Cracks appear in election alliance

Accusations that a number of opposition and third force political parties are receiving money from a Burmese business tycoon has pushed one party to withdraw from an alliance created to shore up opposition support prior to elections.

The Democracy and Peace Party (DPP) said it has “temporarily suspended” itself from the six-party alliance, known as the Group of Democratic Party Friends, which includes the National Democratic Force (NDF).

It cited accusations published in a news journal that some of the other parties had accepted money from Hla Maung Shwe, chairman of the Myanmar Shrimp Association and vice chairman of Myanmar Egress. He is also the older brother of Brig-Gen Hla Myint Shwe, commander of the National Defence College. The allegations have been rejected by alliance members.

“We will never accept donations from any businessman or wealthy people – those people have ties with the government,” said Myo Nyunt, a senior DPP member. “The [news journal] specifically mentioned the NDF by name [as receiving money],” adding that it also mentioned ethnic Mon, Karen and Arakan parties, although not by name.

The Union Democracy Party (UDP), Shan National Democratic Party (SNDP), Chin National Party and the Rakhine National Progressive Party are also members.
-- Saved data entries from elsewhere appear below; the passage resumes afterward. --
text \<open>The right-hand side is \<open>(profile \<circ> phi)''\<close> expressed at \<open>phi t = \<theta>\<close>.\<close>

lemma square_ode_rhs_profile:
  "square_ode_rhs c1 c3 c5 (profile \<theta>)
   = (profile'' \<theta> * (delta \<theta>)\<^sup>2 - k\<^sup>2 * sin \<theta> * cos \<theta> * profile' \<theta>) / A\<^sup>2"
proof -
  define c s N where "c = cos \<theta>" and "s = sin \<theta>" and "N = denom \<theta>"
  have N: "N = b + 1 + (1 - b) * c" "N \<noteq> 0"
    using denom_pos[of \<theta>] by (simp_all add: N_def c_def denom_def)
  have sc: "s\<^sup>2 + c\<^sup>2 = 1"
    by (simp add: s_def c_def)
  have kk: "8 * P * b\<^sup>2 * k\<^sup>2 = 4 * P * b\<^sup>2 - K * b"
    unfolding k_sq using P_gt_0 b_pos by (simp add: field_simps power2_eq_square)
  have "N ^ 3 * square_ode_rhs c1 c3 c5 (profile \<theta>)
      = Q / 3 * N ^ 3 - 4 * c1 * b * (1 - c) * N\<^sup>2 - 3 * c3 * b\<^sup>2 * (1 - c)\<^sup>2 * N
        - 8 / 3 * c5 * b ^ 3 * (1 - c) ^ 3"
    using N(2) unfolding square_ode_rhs_def profile_def Q_def c_def[symmetric] N_def[symmetric]
    by (simp add: field_simps power2_eq_square power3_eq_cube)
  also have "\<dots> = 4 * P * b * (2 * b * (c * N + 2 * (1 - b) * s\<^sup>2) * (1 - k\<^sup>2 * s\<^sup>2)
      - 2 * b * k\<^sup>2 * s\<^sup>2 * c * N)"
    using N(1) sc Q_eq kk unfolding P_def Q_def K_def by algebra
  also have "\<dots> = N ^ 3 * ((2 * b * (c * N + 2 * (1 - b) * s\<^sup>2) / N ^ 3 * (1 - k\<^sup>2 * s\<^sup>2)
      - k\<^sup>2 * s * c * (2 * b * s / N\<^sup>2)) / (1 / (4 * P * b)))"
    using N(2) P_gt_0 b_pos by (simp add: field_simps power2_eq_square power3_eq_cube)
  finally show ?thesis
    using N(2) unfolding A_sq delta_sq profile'_def profile''_def c_def[symmetric] s_def[symmetric]
      N_def[symmetric]
    by simp
qed

lemma profile_phi_has_derivative:
  "((\<lambda>t. profile (phi t)) has_real_derivative - profile' (phi t) * delta (phi t) / A) (at t)"
  using DERIV_chain2[OF profile_has_derivative phi_has_derivative] by simp

lemma profile'_phi_has_derivative:
  "((\<lambda>t. - profile' (phi t) * delta (phi t) / A) has_real_derivative
     square_ode_rhs c1 c3 c5 (profile (phi t))) (at t)"
proof -
  define \<theta> where "\<theta> = phi t"
  have "((\<lambda>t. - profile' (phi t) * delta (phi t) / A) has_real_derivative
      (- profile' \<theta> * (- k\<^sup>2 * sin \<theta> * cos \<theta> / delta \<theta> * (- delta \<theta> / A))
       + - (profile'' \<theta> * (- delta \<theta> / A)) * delta \<theta>) / A) (at t)"
    unfolding \<theta>_def
    by (intro DERIV_cdivide DERIV_mult' DERIV_minus DERIV_chain2[OF profile'_has_derivative phi_has_derivative]
        DERIV_chain2[OF delta_has_derivative phi_has_derivative])
  moreover have "(- profile' \<theta> * (- k\<^sup>2 * sin \<theta> * cos \<theta> / delta \<theta> * (- delta \<theta> / A))
       + - (profile'' \<theta> * (- delta \<theta> / A)) * delta \<theta>) / A
      = square_ode_rhs c1 c3 c5 (profile \<theta>)"
    unfolding square_ode_rhs_profile
    using delta_pos[of \<theta>] A_pos by (simp add: field_simps power2_eq_square)
  ultimately show ?thesis
    by (simp add: \<theta>_def)
qed

lemma profile_eq_1: "cos \<theta> = -1 \<Longrightarrow> profile \<theta> = 1"
  using b_pos by (simp add: profile_def denom_def)

lemma profile_eq_0_iff: "profile \<theta> = 0 \<longleftrightarrow> cos \<theta> = 1"
  using b_pos denom_pos[of \<theta>] by (simp add: profile_def)

lemma profile_eq_cot: "sin (\<theta> / 2) \<noteq> 0 \<Longrightarrow> profile \<theta> = sqrt B / (sqrt B + (cot (\<theta> / 2))\<^sup>2)"
  using double_angle_ratio_eq_cot[OF b_pos, of "\<theta> / 2"] by (simp add: profile_def denom_def b_def)

lemma phi_quarters: "phi (T / 4) = 0" "phi (3 * T / 4) = - 2 * pi" "phi T = - 3 * pi"
  using phi_quarter_multiples[of 1] phi_quarter_multiples[of 3] phi_quarter_multiples[of 4] by simp_all

end

locale quintic_cnoidal_solution = quintic_oscillator c1 c3 c5 u u' + cnoidal_parameters c1 c3 c5
  for c1 c3 c5 :: real and u u' :: "real \<Rightarrow> real"
begin

lemma square_eq_profile: "(u t)\<^sup>2 = profile (phi t)"
proof -
  have "(u 0)\<^sup>2 = profile (phi 0)" "2 * u 0 * u' 0 = - profile' (phi 0) * delta (phi 0) / A"
    by (simp_all add: u_0 u'_0 phi_0 profile_eq_1 profile'_def)
  then show ?thesis
    by (rule second_order_autonomous_ode_unique[OF lipschitz_on_square_ode_rhs square_has_derivative
          square_has_second_derivative profile_phi_has_derivative profile'_phi_has_derivative])
qed

lemma square_eq_cot: "sin (phi t / 2) \<noteq> 0 \<Longrightarrow> (u t)\<^sup>2 = sqrt B / (sqrt B + (cot (phi t / 2))\<^sup>2)"
  by (simp add: square_eq_profile profile_eq_cot)

lemma deriv_nonzero_at_zero: "u t = 0 \<Longrightarrow> u' t \<noteq> 0"
  using energy_conservation[of t] Q_gt_0 by (auto simp: Q_def)

lemma zero_iff:
  assumes "0 \<le> t" and "t \<le> T"
  shows "u t = 0 \<longleftrightarrow> t = T / 4 \<or> t = 3 * T / 4"
proof -
  have "u t = 0 \<longleftrightarrow> profile (phi t) = 0"
    by (simp flip: square_eq_profile)
  also have "\<dots> \<longleftrightarrow> cos (phi t) = 1"
    by (rule profile_eq_0_iff)
  also have "\<dots> \<longleftrightarrow> phi t = 0 \<or> phi t = - 2 * pi"
  proof
    assume "cos (phi t) = 1"
    then obtain n :: int where n: "phi t = of_int n * 2 * pi"
      by (auto simp: cos_one_2pi_int)
    have "phi T \<le> phi t" "phi t \<le> phi 0"
      using assms by (simp_all add: phi_le_iff)
    then have "real_of_int (- 3) * pi \<le> real_of_int (2 * n) * pi"
      "real_of_int (2 * n) * pi \<le> real_of_int 1 * pi"
      using n by (simp_all add: phi_quarters phi_0)
    then have "- 3 \<le> 2 * n" "2 * n \<le> 1"
      by (simp_all only: mult_le_cancel_right_pos[OF pi_gt_zero] of_int_le_iff)
    then have "n = 0 \<or> n = - 1"
      by linarith
    with n show "phi t = 0 \<or> phi t = - 2 * pi"
      by auto
  qed auto
  also have "\<dots> \<longleftrightarrow> t = T / 4 \<or> t = 3 * T / 4"
    by (metis phi_eq_iff phi_quarters(1,2))
  finally show ?thesis .
qed

lemma positive_first_quarter:
  assumes "0 \<le> t" and "t < T / 4"
  shows "0 < u t"
proof -
  have "0 < u 0 * u t"
  proof (rule same_sign_if_no_zero[OF continuous_on_u \<open>0 \<le> t\<close>])
    fix x assume "x \<in> {0..t}"
    then show "u x \<noteq> 0"
      using assms T_pos zero_iff[of x] by auto
  qed
  then show ?thesis
    by (simp add: u_0)
qed

lemma negative_middle_half:
  assumes "T / 4 < t" and "t < 3 * T / 4"
  shows "u t < 0"
proof -
  have "u (T / 4) = 0"
    using T_pos zero_iff[of "T / 4"] by simp
  have "u 0 * u t < 0"
  proof (rule simple_zero_sign_change[OF deriv_u \<open>u (T / 4) = 0\<close>
        deriv_nonzero_at_zero[OF \<open>u (T / 4) = 0\<close>]])
    show "0 < T / 4" "T / 4 < t"
      using T_pos assms by simp_all
    fix x assume "x \<in> {0..t}" "x \<noteq> T / 4"
    then show "u x \<noteq> 0"
      using assms zero_iff[of x] by auto
  qed
  then show ?thesis
    by (simp add: u_0)
qed

lemma positive_last_quarter:
  assumes "3 * T / 4 < t" and "t \<le> T"
  shows "0 < u t"
proof -
  have "u (3 * T / 4) = 0"
    using T_pos zero_iff[of "3 * T / 4"] by simp
  have "u (T / 2) * u t < 0"
  proof (rule simple_zero_sign_change[OF deriv_u \<open>u (3 * T / 4) = 0\<close>
        deriv_nonzero_at_zero[OF \<open>u (3 * T / 4) = 0\<close>]])
    show "T / 2 < 3 * T / 4" "3 * T / 4 < t"
      using T_pos assms by simp_all
    fix x assume "x \<in> {T / 2..t}" "x \<noteq> 3 * T / 4"
    then show "u x \<noteq> 0"
      using assms T_pos zero_iff[of x] by auto
  qed
  moreover have "u (T / 2) < 0"
    using T_pos by (intro negative_middle_half) simp_all
  ultimately show ?thesis
    by (simp add: mult_less_0_iff)
qed

lemma periodic: "u (t + T) = u t"
proof -
  have "(u T)\<^sup>2 = 1"
    by (simp add: square_eq_profile phi_quarters profile_eq_1)
  moreover have "0 < u T"
    using T_pos by (intro positive_last_quarter) simp_all
  ultimately have "u T = 1"
    by (simp add: power2_eq_1_iff)
  then show ?thesis
    by (rule periodic_if_returns)
qed

end

theorem theorem1:
  fixes c1 c3 c5 :: real and u u' :: "real \<Rightarrow> real"
  assumes c5_pos: "c5 > 0"
    and Delta: "3 * c3\<^sup>2 - 4 * c5 * (4 * c1 + c3 + c5) \<le> 0"
    and P_pos: "c1 + c3 + c5 > 0"
    and Q_pos: "6 * c1 + 3 * c3 + 2 * c5 > 0"
    and k2_lt1: "1/2 - sqrt 6 / 8 * (4 * c1 + 3 * c3 + 2 * c5)
                   / sqrt ((c1 + c3 + c5) * (6 * c1 + 3 * c3 + 2 * c5)) < 1"
    and du: "\<And>t. (u has_real_derivative u' t) (at t)"
    and ddu: "\<And>t. (u' has_real_derivative - (c1 * u t + c3 * (u t)^3 + c5 * (u t)^5)) (at t)"
    and init_u: "u 0 = 1"
    and init_du: "u' 0 = 0"
  shows
    "let P = c1 + c3 + c5; Q = 6 * c1 + 3 * c3 + 2 * c5; K = 4 * c1 + 3 * c3 + 2 * c5;
         A = root 4 6 / 2 * (1 / root 4 (P * Q));
         B = Q / (6 * P);
         k = sqrt (1/2 - sqrt 6 / 8 * K / sqrt (P * Q));
         T = 8 * A * ellK k
     in (\<forall>t. sin (jacobi_am (2 * ellK k - t / A) k / 2) \<noteq> 0 \<longrightarrow>
            (u t)\<^sup>2 = sqrt B / (sqrt B + (cot (jacobi_am (2 * ellK k - t / A) k / 2))\<^sup>2))
      \<and> T > 0 \<and> (\<forall>t. u (t + T) = u t)
      \<and> (\<forall>t. 0 \<le> t \<and> t < T / 4 \<longrightarrow> u t > 0)
      \<and> (\<forall>t. 3 * T / 4 < t \<and> t \<le> T \<longrightarrow> u t > 0)
      \<and> (\<forall>t. T / 4 < t \<and> t < 3 * T / 4 \<longrightarrow> u t < 0)"
proof -
  interpret quintic_cnoidal_solution c1 c3 c5 u u'
    by unfold_locales (fact du ddu init_u init_du Delta P_pos Q_pos k2_lt1)+
  show ?thesis
    using square_eq_cot T_pos periodic positive_first_quarter positive_last_quarter negative_middle_half
    unfolding Let_def phi_def T_def A_def B_def k_def P_def Q_def K_def
    by auto
qed

end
Both the SNDP and the NDF flatly denied the accusations. Khin Maung Swe, spokesperson for the NDF, which is fielding some 160 candidates in the 7 November elections, said that the party “didn’t take a penny from U Hla Maung Shwe, although it is true that we accept donations for individual parliamentary candidates.

“This can be made clear by checking the financial accounts at U Hla Maung Shwe’s company and see if they donated money to us. We heard that the authorities also had checked [the accounts] and they would have found out if the accusations were true but they aren’t.”

He added that the incident had raised concerns among the alliance that “we are going back to the old politics of punching below the belly-button.”

Altogether 37 parties will compete in the elections, with the junta-backed Union Solidarity and Development Party (USDP) widely expected to win. It will field close to 1000 candidates, while the UDP has put forward only three.